Difference between language modeling scripts


I would like to fine-tune a language model (Tensorflow-based) and see that you have two scripts pertaining to that:

  1. https://github.com/huggingface/notebooks/blob/master/examples/language_modeling-tf.ipynb

  2. https://github.com/huggingface/transformers/blob/master/examples/tensorflow/language-modeling/run_mlm.py

I followed the first script and am quite satisfied with the result. However, I am curious if the second one can be also an option for me.

Could you, please, outline what are the differences between these two scripts and under which circumstances each one should be used? Or, alternatively, could you, please, provide a link to documentation, if such exists, that can answer my question?
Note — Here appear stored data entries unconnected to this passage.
section \<open>Two partitions never suffice\<close>

lemma two_labellings_common_symmetry:
  assumes A: "finite A" "card A = a * a" and a: "2 \<le> a"
    and f1: "f1 ` A \<subseteq> {..<a}" and f2: "f2 ` A \<subseteq> {..<a}"
  shows "\<exists>h. h permutes A \<and> h \<noteq> id \<and> preserves_fibres f1 A h \<and> preserves_fibres f2 A h"
proof (cases "inj_on (\<lambda>u. (f1 u, f2 u)) A")
  case False
  then obtain u v where uv: "u \<in> A" "v \<in> A" "u \<noteq> v" "f1 u = f1 v" "f2 u = f2 v"
    by (auto simp: inj_on_def)
  have "preserves_fibres f1 A (transpose u v)" "preserves_fibres f2 A (transpose u v)"
    using uv by (auto intro!: preserves_fibresI_relabel[OF inj_on_id] simp: transpose_def)
  moreover have "transpose u v \<noteq> id"
    using uv(3) by (metis id_apply transpose_apply_first)
  ultimately show ?thesis
    using permutes_swap_id[OF uv(1,2)] by blast
next
  case True
  txt \<open>Every pair of labels is taken by exactly one point, so exchanging the first labels 0 and 1
    lifts to a nontrivial permutation of A.\<close>
  define \<phi> where "\<phi> = (\<lambda>u. (f1 u, f2 u))"
  define \<rho> where "\<rho> = map_prod (transpose (0::nat) 1) (id :: nat \<Rightarrow> nat)"
  have \<phi>_bij: "bij_betw \<phi> A ({..<a} \<times> {..<a})"
  proof -
    have "\<phi> ` A \<subseteq> {..<a} \<times> {..<a}"
      using f1 f2 by (auto simp: \<phi>_def)
    moreover have "card (\<phi> ` A) = card ({..<a} \<times> {..<a})"
      using True A by (simp add: \<phi>_def card_image card_cartesian_product)
    ultimately show ?thesis
      using True by (simp add: bij_betw_def \<phi>_def card_subset_eq)
  qed
  have \<rho>_grid: "\<rho> p \<in> {..<a} \<times> {..<a}" if "p \<in> {..<a} \<times> {..<a}" for p
    using that a by (auto simp: \<rho>_def transpose_def)
  have \<rho>_\<rho>: "\<rho> (\<rho> p) = p" for p
    by (cases p) (simp add: \<rho>_def)
  have \<phi>_A: "\<phi> ` A = {..<a} \<times> {..<a}"
    using \<phi>_bij by (rule bij_betw_imp_surj_on)
  define h where "h x = (if x \<in> A then inv_into A \<phi> (\<rho> (\<phi> x)) else x)" for x
  have h_into: "h x \<in> A" and \<phi>_h: "\<phi> (h x) = \<rho> (\<phi> x)" if "x \<in> A" for x
  proof -
    have "\<phi> x \<in> \<phi> ` A"
      using that by (rule imageI)
    then have "\<rho> (\<phi> x) \<in> \<phi> ` A"
      unfolding \<phi>_A by (rule \<rho>_grid)
    then show "h x \<in> A" "\<phi> (h x) = \<rho> (\<phi> x)"
      using that by (simp_all add: h_def inv_into_into f_inv_into_f)
  qed
  have "h (h x) = x" if "x \<in> A" for x
  proof -
    have "\<phi> (h (h x)) = \<phi> x"
      using that by (simp add: h_into \<phi>_h \<rho>_\<rho>)
    then show ?thesis
      using bij_betw_imp_inj_on[OF \<phi>_bij] that h_into by (metis inj_onD)
  qed
  then have "bij_betw h A A"
    using h_into by (intro bij_betw_byWitness[where f' = h]) auto
  then have h_perm: "h permutes A"
    by (rule bij_imp_permutes) (simp add: h_def)
  have "(0, 0) \<in> \<phi> ` A"
    using \<phi>_A a by simp
  then obtain u where u: "u \<in> A" "\<phi> u = (0, 0)"
    by (metis imageE)
  have "\<phi> (h u) \<noteq> \<phi> u"
    using \<phi>_h[OF u(1)] u(2) by (simp add: \<rho>_def)
  then have "h \<noteq> id"
    by auto
  moreover have "f1 (h x) = transpose 0 1 (f1 x)" "f2 (h x) = id (f2 x)" if "x \<in> A" for x
    using \<phi>_h[OF that] by (simp_all add: \<phi>_def \<rho>_def)
  then have "preserves_fibres f1 A h" "preserves_fibres f2 A h"
    by (auto intro: preserves_fibresI_relabel[OF inj_transpose, where f = f1]
        preserves_fibresI_relabel[OF inj_on_id, where f = f2])
  ultimately show ?thesis
    using h_perm by blast
qed

lemma card_le_2_subset_doubleton:
  assumes "finite S" "card S \<le> 2" "S \<subseteq> A" "x \<in> A"
  shows "\<exists>y\<in>A. \<exists>z\<in>A. S \<subseteq> {y, z}"
proof -
  consider "card S = 0" | "card S = 1" | "card S = 2"
    using assms(2) by linarith
  then show ?thesis
  proof cases
    case 1
    then show ?thesis
      using assms by auto
  next
    case 2
    then show ?thesis
      using assms(3) by (auto simp: card_1_singleton_iff)
  next
    case 3
    then show ?thesis
      using assms(3) by (auto simp: card_2_iff)
  qed
qed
I apologize in advance, if my question sounds ignorant, I am quite a newbie in machine learning and mastering it now with HuggingFace ^^

Thank you!

Hello Lenn,

First one is an end-to-end tutorial on how to train a mask language model, and it shows what you need to do (preprocessing etc) if you want to train an MLM, helps you understand what’s going on in the background, the problem itself etc.
Second one is a more production-y script with no EDA. I used to use those scripts like run_glue.py in my former job to train/fine-tune language model directly, like this:

!python run_glue.py \
  --model_name_or_path "model_checkpoint" \
  --task_name cola \
  --do_train \
  --do_eval \
  --max_seq_length 128 \
  --per_gpu_train_batch_size 32 \
  --per_gpu_eval_batch_size 32 \
  --learning_rate 2e-5 \
  --save_steps 2000 \
  --num_train_epochs 50 \
  --output_dir 'output_dir_here'